-- Data for the task follows --

lemma superlevel_split_abs:
  fixes W :: "'a \<Rightarrow> real"
  assumes "finite A" "avg A W = 0" "(\<Sum>x\<in>A. (W x)^2) > 16 * card A"
  shows "\<exists>A0\<subseteq>A. A0 \<noteq> {} \<and> A - A0 \<noteq> {} \<and>
    4 * binary_entropy (card A0 / card A)
      \<le> card A0 / card A * (1 - card A0 / card A) * (avg A0 W - avg (A - A0) W)^2"
proof -
  have "(W x)^2 = (max (W x) 0)^2 + (max (- W x) 0)^2" for x
    by (cases "W x \<ge> 0") (auto simp: max_def)
  hence "(\<Sum>x\<in>A. (W x)^2) = (\<Sum>x\<in>A. (max (W x) 0)^2) + (\<Sum>x\<in>A. (max (- W x) 0)^2)"
    by (simp add: sum.distrib)
  hence "(\<Sum>x\<in>A. (max (W x) 0)^2) > 8 * card A \<or> (\<Sum>x\<in>A. (max (- W x) 0)^2) > 8 * card A"
    using assms(3) by linarith
  moreover have "(avg A0 (\<lambda>x. - W x) - avg (A - A0) (\<lambda>x. - W x))^2 = (avg A0 W - avg (A - A0) W)^2"
    for A0 by (simp add: avg_uminus power2_commute)
  ultimately show ?thesis
    using superlevel_split[OF assms(1,2)] superlevel_split[OF assms(1), of "\<lambda>x. - W x"] assms(2)
    by (auto simp: avg_uminus)
qed

lemma superlevel_split_var:
  fixes f :: "'a \<Rightarrow> real"
  assumes "finite A" "var_on A f > 16 * v" "v > 0"
  shows "\<exists>A0\<subseteq>A. A0 \<noteq> {} \<and> A - A0 \<noteq> {} \<and>
    4 * v * binary_entropy (card A0 / card A)
      \<le> card A0 / card A * (1 - card A0 / card A) * (avg A0 f - avg (A - A0) f)^2"
proof -
  have "A \<noteq> {}" using assms(2,3) by (auto simp: var_on_def avg_def)
  define m where "m = avg A f"
  define W where "W x = (f x - m) / sqrt v" for x
  have avg_W: "avg A' W = (avg A' f - m) / sqrt v" if "finite A'" "A' \<noteq> {}" for A'
    unfolding W_def by (simp add: avg_divide avg_diff avg_const[OF that])
  have "avg A W = 0" using avg_W[OF assms(1) \<open>A \<noteq> {}\<close>] by (simp add: m_def)
  have "(\<Sum>x\<in>A. (W x)^2) = card A * (var_on A f / v)"
    using \<open>A \<noteq> {}\<close> assms(1,3)
    by (simp add: W_def m_def var_on_def avg_def sum_divide_distrib[symmetric] power_divide)
  also have "\<dots> > real (card A) * 16"
    using assms(1-3) \<open>A \<noteq> {}\<close> by (intro mult_strict_left_mono) (simp_all add: pos_less_divide_eq card_gt_0_iff)
  finally obtain A0 where A0: "A0 \<subseteq> A" "A0 \<noteq> {}" "A - A0 \<noteq> {}"
    and gain: "4 * binary_entropy (card A0 / card A)
      \<le> card A0 / card A * (1 - card A0 / card A) * (avg A0 W - avg (A - A0) W)^2"
    using superlevel_split_abs[OF assms(1) \<open>avg A W = 0\<close>] by (auto simp: mult.commute)
  have "finite A0" "finite (A - A0)" using assms(1) A0(1) finite_subset by auto
  hence gap: "(avg A0 W - avg (A - A0) W)^2 = (avg A0 f - avg (A - A0) f)^2 / v"
    using A0 assms(3) by (simp add: avg_W diff_divide_distrib[symmetric] power_divide)
  have "4 * v * binary_entropy (card A0 / card A)
      \<le> v * (card A0 / card A * (1 - card A0 / card A) * (avg A0 W - avg (A - A0) W)^2)"
    using mult_left_mono[OF gain, of v] assms(3) by (simp add: ac_simps)
  also have "\<dots> = card A0 / card A * (1 - card A0 / card A) * (avg A0 f - avg (A - A0) f)^2"
    unfolding gap using assms(3) by simp
  finally show ?thesis using A0 by blast
qed

section \<open>Linear forms on the Boolean cube\<close>

definition linform :: "nat \<Rightarrow> (nat \<Rightarrow> real) \<Rightarrow> real list \<Rightarrow> real" where
  "linform n c x = (\<Sum>i<n. c i * x ! i)"

definition dot :: "nat \<Rightarrow> (nat \<Rightarrow> real) \<Rightarrow> (nat \<Rightarrow> real) \<Rightarrow> real" where
  "dot n u v = (\<Sum>i<n. u i * v i)"

definition centroid :: "real list set \<Rightarrow> nat \<Rightarrow> real" where
  "centroid A i = avg A (\<lambda>x. x ! i)"

definition clean :: "nat \<Rightarrow> real list set \<Rightarrow> bool" where
  "clean n A \<longleftrightarrow> (\<forall>c. var_on A (linform n c) \<le> 16 * dot n c c)"

definition deficiency :: "nat \<Rightarrow> real list set \<Rightarrow> real" where
  "deficiency n A = ln (2 ^ n / card A)"

lemma dot_self_nonneg: "dot n u u \<ge> 0"
  unfolding dot_def by (intro sum_nonneg) auto

lemma avg_linform: "avg A (linform n c) = dot n c (centroid A)"
  unfolding linform_def dot_def centroid_def by (simp add: avg_sum avg_cmult)

lemma centroid_split:
  assumes "finite A" "A0 \<subseteq> A"
  defines "q \<equiv> card A0 / card A"
  shows "centroid A i = q * centroid A0 i + (1 - q) * centroid (A - A0) i"
  unfolding centroid_def q_def by (rule avg_split[OF assms(1,2)])

lemma finite_cube: "finite (cube n)"
proof -
  have "cube n = {xs. set xs \<subseteq> {-1, 1} \<and> length xs = n}" by (auto simp: cube_def)
  thus ?thesis using finite_lists_length_eq[of "{-1, 1::real}" n] by simp
qed

lemma finite_subset_cube: "A \<subseteq> cube n \<Longrightarrow> finite A"
  using finite_cube finite_subset by blast

lemma cube_nth: "x \<in> cube n \<Longrightarrow> i < n \<Longrightarrow> x ! i = 1 \<or> x ! i = -1"
  unfolding cube_def using nth_mem by fastforce

lemma cube_Suc: "cube (Suc n) = (\<lambda>(c, xs). c # xs) ` ({-1, 1} \<times> cube n)"
proof
  show "cube (Suc n) \<subseteq> (\<lambda>(c, xs). c # xs) ` ({-1, 1} \<times> cube n)"
  proof
    fix x assume "x \<in> cube (Suc n)"
    then obtain c xs where "x = c # xs" "length xs = n" "c \<in> {-1, 1}" "set xs \<subseteq> {-1, 1}"
      unfolding cube_def by (cases x) auto
    thus "x \<in> (\<lambda>(c, xs). c # xs) ` ({-1, 1} \<times> cube n)"
      by (auto simp: cube_def image_iff)
  qed
qed (auto simp: cube_def)

lemma sum_cube_prod:
  fixes f :: "nat \<Rightarrow> real \<Rightarrow> real"
  shows "(\<Sum>x\<in>cube n. \<Prod>j<n. f j (x ! j)) = (\<Prod>j<n. f j 1 + f j (-1))"
proof (induction n arbitrary: f)
  case 0
  have "cube 0 = {[]}" by (auto simp: cube_def)
  thus ?case by simp
next
  case (Suc n)
  have inj: "inj_on (\<lambda>(c, xs). c # xs) ({-1::real, 1} \<times> cube n)" by (auto simp: inj_on_def)
  have "(\<Sum>x\<in>cube (Suc n). \<Prod>j<Suc n. f j (x ! j))
      = (\<Sum>p\<in>{-1::real, 1} \<times> cube n. \<Prod>j<Suc n. f j ((fst p # snd p) ! j))"
    unfolding cube_Suc by (subst sum.reindex[OF inj]) (simp add: case_prod_beta)
  also have "\<dots> = (\<Sum>(c, xs)\<in>{-1::real, 1} \<times> cube n. f 0 c * (\<Prod>j<n. f (Suc j) (xs ! j)))"
    by (rule sum.cong) (auto simp only: prod.lessThan_Suc_shift, auto)
  also have "\<dots> = (\<Sum>c\<in>{-1::real, 1}. f 0 c * (\<Sum>xs\<in>cube n. \<Prod>j<n. f (Suc j) (xs ! j)))"
    by (simp add: sum.cartesian_product[symmetric] sum_distrib_left)
  also have "\<dots> = (\<Sum>c\<in>{-1::real, 1}. f 0 c * (\<Prod>j<n. f (Suc j) 1 + f (Suc j) (-1)))"
    using Suc.IH[of "\<lambda>j. f (Suc j)"] by simp
  also have "\<dots> = (\<Prod>j<Suc n. f j 1 + f j (-1))"
    by (simp only: prod.lessThan_Suc_shift) (simp add: algebra_simps)
  finally show ?case .
qed

lemma card_cube: "card (cube n) = 2 ^ n"
  using sum_cube_prod[of "\<lambda>_ _. 1" n] by (simp flip: of_nat_power)

lemma cube_nonempty: "cube n \<noteq> {}"
  using card_cube[of n] by auto

lemma sum_cube_nth: "i < n \<Longrightarrow> (\<Sum>x\<in>cube n. x ! i) = 0"
  using sum_cube_prod[of "\<lambda>j v. if j = i then v else 1" n]
  by (simp add: prod.If_cases lessThan_def Collect_conj_eq prod_zero_iff)

lemma sum_cube_nth_mult:
  assumes "i < n" "j < n"
  shows "(\<Sum>x\<in>cube n. x ! i * x ! j) = (if i = j then 2 ^ n else 0)"
proof (cases "i = j")
  case True
  have "x ! i * x ! i = 1" if "x \<in> cube n" for x using cube_nth[OF that assms(1)] by auto
  thus ?thesis using True by (simp add: card_cube)
next
  case False
  have "(\<Sum>x\<in>cube n. x ! i * x ! j)
      = (\<Sum>x\<in>cube n. \<Prod>k<n. (if k = i then x ! k else 1) * (if k = j then x ! k else 1))"
    using assms by (intro sum.cong refl) (simp add: prod.distrib prod.delta')
  also have "\<dots> = (\<Prod>k<n. (if k = i then 1 else 1) * (if k = j then 1 else 1)
      + (if k = i then -1 else 1) * (if k = j then -1 else 1 :: real))"
    by (rule sum_cube_prod)
  also have "\<dots> = 0"
    using assms False by (intro prod_zero) auto
  finally show ?thesis using False by simp
qed

lemma centroid_cube: "i < n \<Longrightarrow> centroid (cube n) i = 0"
  by (simp add: centroid_def avg_def sum_cube_nth)

lemma avg_cube_linform_sq: "avg (cube n) (\<lambda>x. (linform n c x)^2) = dot n c c"
proof -
  have "(\<Sum>x\<in>cube n. (linform n c x)^2) = (\<Sum>i<n. \<Sum>j<n. c i * c j * (\<Sum>x\<in>cube n. x ! i * x ! j))"
    unfolding linform_def power2_eq_square sum_product
    by (simp add: sum.swap[of _ "cube n"] sum_distrib_left algebra_simps)
  also have "\<dots> = (\<Sum>i<n. c i * c i * 2 ^ n)"
    by (simp add: sum_cube_nth_mult if_distrib[of "(*) _"] cong: if_cong)
  finally show ?thesis by (simp add: avg_def card_cube dot_def sum_distrib_right[symmetric])
qed

lemma clean_cube: "clean n (cube n)"
  unfolding clean_def
proof
  fix c
  have "var_on (cube n) (linform n c) \<le> avg (cube n) (\<lambda>x. (linform n c x)^2)"
    by (simp add: var_on_eq[OF finite_cube cube_nonempty])
  thus "var_on (cube n) (linform n c) \<le> 16 * dot n c c"
    using dot_self_nonneg[of n c] by (simp add: avg_cube_linform_sq)
qed

lemma exp_plus_exp_uminus_le: "exp u + exp (- u) \<le> 2 * exp (u^2 / 2 :: real)"
proof -
  have nonneg_case: "exp w + exp (- w) \<le> 2 * exp (w^2 / 2)" if "w \<ge> 0" for w :: real
  proof -
    have "ln (1 + (1 / 2) * (exp (2 * w) - 1)) - w \<le> (2 * w)^2 / 8"
      using Hoeffdings_lemma_aux[of "2 * w" "1 / 2"] that by simp
    hence "ln ((1 + exp (2 * w)) / 2) \<le> w^2 / 2 + w"
      by (simp add: power2_eq_square field_simps)
    hence "exp (ln ((1 + exp (2 * w)) / 2)) \<le> exp (w^2 / 2 + w)"
      by simp
    hence "(1 + exp (2 * w)) / 2 \<le> exp (w^2 / 2 + w)"
      by (simp add: add_pos_pos)
    hence "(1 + exp (2 * w)) / 2 * exp (- w) \<le> exp (w^2 / 2 + w) * exp (- w)"
      by simp
    thus ?thesis by (simp add: algebra_simps flip: exp_add)
  qed
  show ?thesis
    using nonneg_case[of u] nonneg_case[of "- u"] by (cases "u \<ge> 0") auto
qed

lemma level1_inequality:
  assumes "A \<subseteq> cube n" "A \<noteq> {}"
  shows "dot n (centroid A) (centroid A) \<le> 2 * deficiency n A"
proof -
  define a where "a = centroid A"
  define N where "N = dot n a a"
  have fin: "finite A" using assms(1) by (rule finite_subset_cube)
  have pos: "0 < real (card A)" using fin assms(2) by (simp add: card_gt_0_iff)
  have "exp N \<le> avg A (\<lambda>x. exp (linform n a x))"
    using exp_avg_le_avg_exp[OF fin assms(2), of "linform n a"] by (simp add: avg_linform N_def a_def)
  also have "\<dots> \<le> (\<Sum>x\<in>cube n. exp (linform n a x)) / card A"
    unfolding avg_def by (intro divide_right_mono sum_mono2[OF finite_cube assms(1)]) auto
  also have "(\<Sum>x\<in>cube n. exp (linform n a x)) = (\<Prod>j<n. exp (a j * 1) + exp (a j * (-1)))"
    using sum_cube_prod[of "\<lambda>j v. exp (a j * v)" n] by (simp add: linform_def exp_sum)
  also have "\<dots> \<le> (\<Prod>j<n. 2 * exp ((a j)^2 / 2))"
    by (intro prod_mono) (auto intro: add_nonneg_nonneg simp: exp_plus_exp_uminus_le)
  also have "\<dots> = 2 ^ n * exp (N / 2)"
    by (simp add: N_def dot_def prod.distrib exp_sum sum_divide_distrib power2_eq_square)
  finally have "exp (N / 2) * exp (N / 2) \<le> 2 ^ n * exp (N / 2) / card A"
    using pos by (simp add: divide_right_mono flip: exp_add)
  hence "exp (N / 2) \<le> 2 ^ n / card A"
    using pos by (simp add: field_simps)
  hence "N / 2 \<le> ln (2 ^ n / card A)"
    using pos by (subst ln_ge_iff) auto
  thus ?thesis by (simp add: deficiency_def N_def a_def)
qed

section \<open>Level-1 coefficients of the XOR-fiber\<close>

lemma emul_nth: "i < length x \<Longrightarrow> i < length y \<Longrightarrow> emul x y ! i = x ! i * y ! i"
  by (simp add: emul_def)

lemma emul_cube:
  assumes "x \<in> cube n" "y \<in> cube n"
  shows "emul x y \<in> cube n"
proof -
  have "length x = n" "length y = n" using assms by (auto simp: cube_def)
  thus ?thesis
    using cube_nth[OF assms(1)] cube_nth[OF assms(2)] by (fastforce simp: cube_def emul_def set_conv_nth)
qed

-- Data for the task concluded --

Exercise objective ::
Print exactly the lines of the listing above starting at the line containing "n \<Longrightarrow> finite" and ending at the line containing "n \<Longrightarrow> i", both included.

Answer space ::
lemma finite_subset_cube: "A \<subseteq> cube n \<Longrightarrow> finite A"
  using finite_cube finite_subset by blast

lemma cube_nth: "x \<in> cube n \<Longrightarrow> i < n \<Longrightarrow> x ! i = 1 \<or> x ! i = -1"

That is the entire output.